Tagung in der Evangelischen Akademie Tutzing, 9. – 11.1.2015
Programmflyer (PDF)
Wie erlebten die Zeitgenossen die letzten Monate des Krieges, das Ende der NS-Herrschaft, Kapitulation und Besatzung? Dachten sie nach über Schuld und moralisches Versagen? Die Zeugnisse deuten eher darauf hin, wie stark das Erleben vom eigenen Existenzkampf, von persönlichen Verlusten, aber auch von der Erleichterung des Überlebthabens geprägt war.

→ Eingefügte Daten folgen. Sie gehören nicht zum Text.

lemma interpolation_weight:
  fixes x1 x2 \<alpha> v1 v2 :: real
  assumes "x1 < x2" "x1 \<le> \<alpha>" "\<alpha> \<le> x2"
  defines "\<gamma> \<equiv> (x2 - \<alpha>) / (x2 - x1)"
  shows "0 \<le> \<gamma>" "\<gamma> \<le> 1" "\<gamma> * x1 + (1 - \<gamma>) * x2 = \<alpha>"
    "\<gamma> * v1 + (1 - \<gamma>) * v2 = v1 + (v2 - v1) / (x2 - x1) * (\<alpha> - x1)"
proof -
  have "0 < x2 - x1"
    using assms by simp
  have one_minus: "1 - \<gamma> = (\<alpha> - x1) / (x2 - x1)"
    using \<open>0 < x2 - x1\<close> by (simp add: \<gamma>_def field_simps)
  show "0 \<le> \<gamma>"
    using assms by (simp add: \<gamma>_def)
  show "\<gamma> \<le> 1"
    using one_minus assms by simp
  have interpolate: "\<gamma> * u1 + (1 - \<gamma>) * u2 = u1 + (u2 - u1) / (x2 - x1) * (\<alpha> - x1)" for u1 u2
  proof -
    have "(u2 - u1) / (x2 - x1) * (\<alpha> - x1) = (u2 - u1) * (1 - \<gamma>)"
      unfolding one_minus by simp
    then show ?thesis
      by (simp add: algebra_simps)
  qed
  then show "\<gamma> * v1 + (1 - \<gamma>) * v2 = v1 + (v2 - v1) / (x2 - x1) * (\<alpha> - x1)" .
  show "\<gamma> * x1 + (1 - \<gamma>) * x2 = \<alpha>"
    using interpolate[of x1 x2] \<open>0 < x2 - x1\<close> by simp
qed

lemma optimal_threshold_mixture:
  assumes "0 < ps" "ps < 1" "0 < pg" "pg < 1" "0 < \<alpha>" "\<alpha> \<le> 1"
  defines "R \<equiv> stationary_rate ps pg" and "V \<equiv> stationary_vaoi ps pg"
  defines "D \<equiv> nat \<lceil>pg / ps * (1 / \<alpha> - 1 + ps)\<rceil>"
  defines "\<gamma> \<equiv> (R (D - 1) - \<alpha>) / (R (D - 1) - R D)"
  shows "1 \<le> D \<and> 0 \<le> \<gamma> \<and> \<gamma> \<le> 1 \<and> \<gamma> * R D + (1 - \<gamma>) * R (D - 1) = \<alpha> \<and>
    (\<forall>(S::nat set) w. finite S \<and> (\<forall>k\<in>S. 0 \<le> w k) \<and> sum w S = 1 \<and>
      (\<Sum>k\<in>S. w k * R k) \<le> \<alpha> \<longrightarrow>
      \<gamma> * V D + (1 - \<gamma>) * V (D - 1) \<le> (\<Sum>k\<in>S. w k * V k))"
proof -
  note probs = assms(1-4)
  have bracket: "1 \<le> D" "R D \<le> \<alpha>" "\<alpha> \<le> R (D - 1)"
    using optimal_threshold_bracket[OF assms(1-6)] by (simp_all add: D_def R_def)
  moreover have "R D < R (D - 1)"
    using stationary_rate_Suc_less[OF probs, of "D - 1"] bracket(1) by (simp add: R_def)
  ultimately have \<gamma>: "0 \<le> \<gamma>" "\<gamma> \<le> 1" "\<gamma> * R D + (1 - \<gamma>) * R (D - 1) = \<alpha>"
      "\<gamma> * V D + (1 - \<gamma>) * V (D - 1) =
         V D + (V (D - 1) - V D) / (R (D - 1) - R D) * (\<alpha> - R D)"
    using interpolation_weight[of "R D" "R (D - 1)" \<alpha>] unfolding \<gamma>_def by blast+
  have slope: "(V (D - 1) - V D) / (R (D - 1) - R D) \<le> 0"
    using \<open>R D < R (D - 1)\<close> incseqD[OF incseq_stationary_vaoi[OF probs], of "D - 1" D]
    by (simp add: V_def divide_nonpos_pos)
  have "\<gamma> * V D + (1 - \<gamma>) * V (D - 1) \<le> (\<Sum>k\<in>S. w k * V k)"
    if "finite S" "\<forall>k\<in>S. 0 \<le> w k" "sum w S = 1" "(\<Sum>k\<in>S. w k * R k) \<le> \<alpha>"
    for S :: "nat set" and w
    unfolding \<gamma>(4)
    by (rule mixture_above_nonincreasing_line[OF _ _ _ _ slope
          stationary_vaoi_above_chord[OF probs bracket(1), folded R_def V_def]]) (use that in auto)
  then show ?thesis
    using bracket(1) \<gamma>(1-3) by blast
qed

theorem theorem1:
  fixes ps pg \<alpha> :: real and d0 :: nat
  assumes "0 < ps" "ps < 1" "0 < pg" "pg < 1" "0 < \<alpha>" "\<alpha> \<le> 1"
  defines "\<beta> \<equiv> 1 - (1 - ps) * (1 - pg)"
  defines "R \<equiv> (\<lambda>k::nat. if k = 0 then 1 else pg / ((real k - 1) * ps + \<beta>))"
  defines "Dstar \<equiv> nat \<lceil>pg / ps * (1 / \<alpha> - 1 + ps)\<rceil>"
  defines "\<gamma> \<equiv> (R (Dstar - 1) - \<alpha>) / (R (Dstar - 1) - R Dstar)"
  shows
    "(\<forall>k. rate_avg ps pg k d0 \<longlonglongrightarrow> R k) \<and>
     (\<forall>k. convergent (vaoi_avg ps pg k d0)) \<and>
     1 \<le> Dstar \<and> 0 \<le> \<gamma> \<and> \<gamma> \<le> 1 \<and>
     \<gamma> * thr_rate ps pg Dstar d0 + (1 - \<gamma>) * thr_rate ps pg (Dstar - 1) d0 \<le> \<alpha> \<and>
     (\<forall>(S::nat set) (w::nat \<Rightarrow> real).
        finite S \<and> (\<forall>k\<in>S. 0 \<le> w k) \<and> sum w S = 1 \<and>
        (\<Sum>k\<in>S. w k * thr_rate ps pg k d0) \<le> \<alpha> \<longrightarrow>
        \<gamma> * thr_vaoi ps pg Dstar d0 + (1 - \<gamma>) * thr_vaoi ps pg (Dstar - 1) d0
          \<le> (\<Sum>k\<in>S. w k * thr_vaoi ps pg k d0))"
proof -
  note probs = assms(1-4)
  have R_eq: "R = stationary_rate ps pg"
    by (auto simp: R_def \<beta>_def stationary_rate_def algebra_simps)
  have "convergent (vaoi_avg ps pg k d0)" for k
    using vaoi_avg_tendsto[OF probs] by (rule convergentI)
  then show ?thesis
    unfolding thr_rate_eq[OF probs] thr_vaoi_eq[OF probs] \<gamma>_def Dstar_def R_eq
    using rate_avg_tendsto[OF probs] optimal_threshold_mixture[OF assms(1-6)] by auto
qed

end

Innenansichten Deutschland 1945: Die Bilder sind unterschiedlich, oft unvereinbar. Schroffe Gegensätzlichkeit kennzeichnet das Erleben der Mehrheitsdeutschen und der Opfer der NS-Verbrechen. Kriegsende und Besatzungszeit stellten sich ganz anders dar, lebte man im Osten oder Westen, in der Stadt oder auf dem Land, war man überzeugter Nazi, Mitläufer oder Gegner, Soldat oder Zivilist, Mann oder Frau, jung oder alt, KZ-Überlebender, Zwangsarbeiter. Diese Unterschiede gehen nicht in dem Gegensatzpaar Niederlage oder Befreiung auf.
Im Luftkrieg fallen Deutschlands Städte in Schutt und Asche, werden für die Überlebenden unbewohnbar, während die NS-Propaganda den Sieg der gläubigen Volksgemeinschaft beschwört: „Unsere Mauern brechen, aber unsere Herzen nicht.“ In militärisch aussichtsloser Lage wird weitergekämpft, im Osten vervielfachen sich die Zahlen der getöteten Soldaten und Zivilisten, der Flüchtlinge, der Vergewaltigten. Gleichzeitig werden im Westen Ortschaften den West-Alliierten als dem „freundlichen Feind“ übergeben.
In der Endphase des Krieges wird die nationalsozialistische Gewalt exzessiv. Im Terror gegen KZ-Häftlinge, Kriegsgefangene, ausländische Arbeiter, Deserteure und Kapitulationswillige werden Zehntausende umgebracht, häufig wenige Stunden vor der militärischen Einnahme der
Lager und Ortschaften. Die KZ-Insassen, die auf ein Überleben gehofft hatten, sterben zu Tausenden in Todesmärschen und finden auch jetzt nur ausnahmsweise Hilfe bei der Bevölkerung.
Die Alliierten treffen nicht, wie sie erwarteten, auf eine fanatisierte Nazi-Bevölkerung. Aber ebensowenig verbreitet ist Einsicht in die eigene Mitbeteiligung an dem verbrecherischen NS-System. Viele Deutsche fühlen sich nun selbst als Opfer und rechnen Schuld auf.
Im Anschluss an die These von der „Unfähigkeit zu trauern“ (A. und M. Mitscherlich) steht am Ende der Tagung die Frage, wie die moralischen und existenziellen Brüche des Kriegsendes weitergewirkt haben – auch über die vergangenen 70 Jahre hinweg.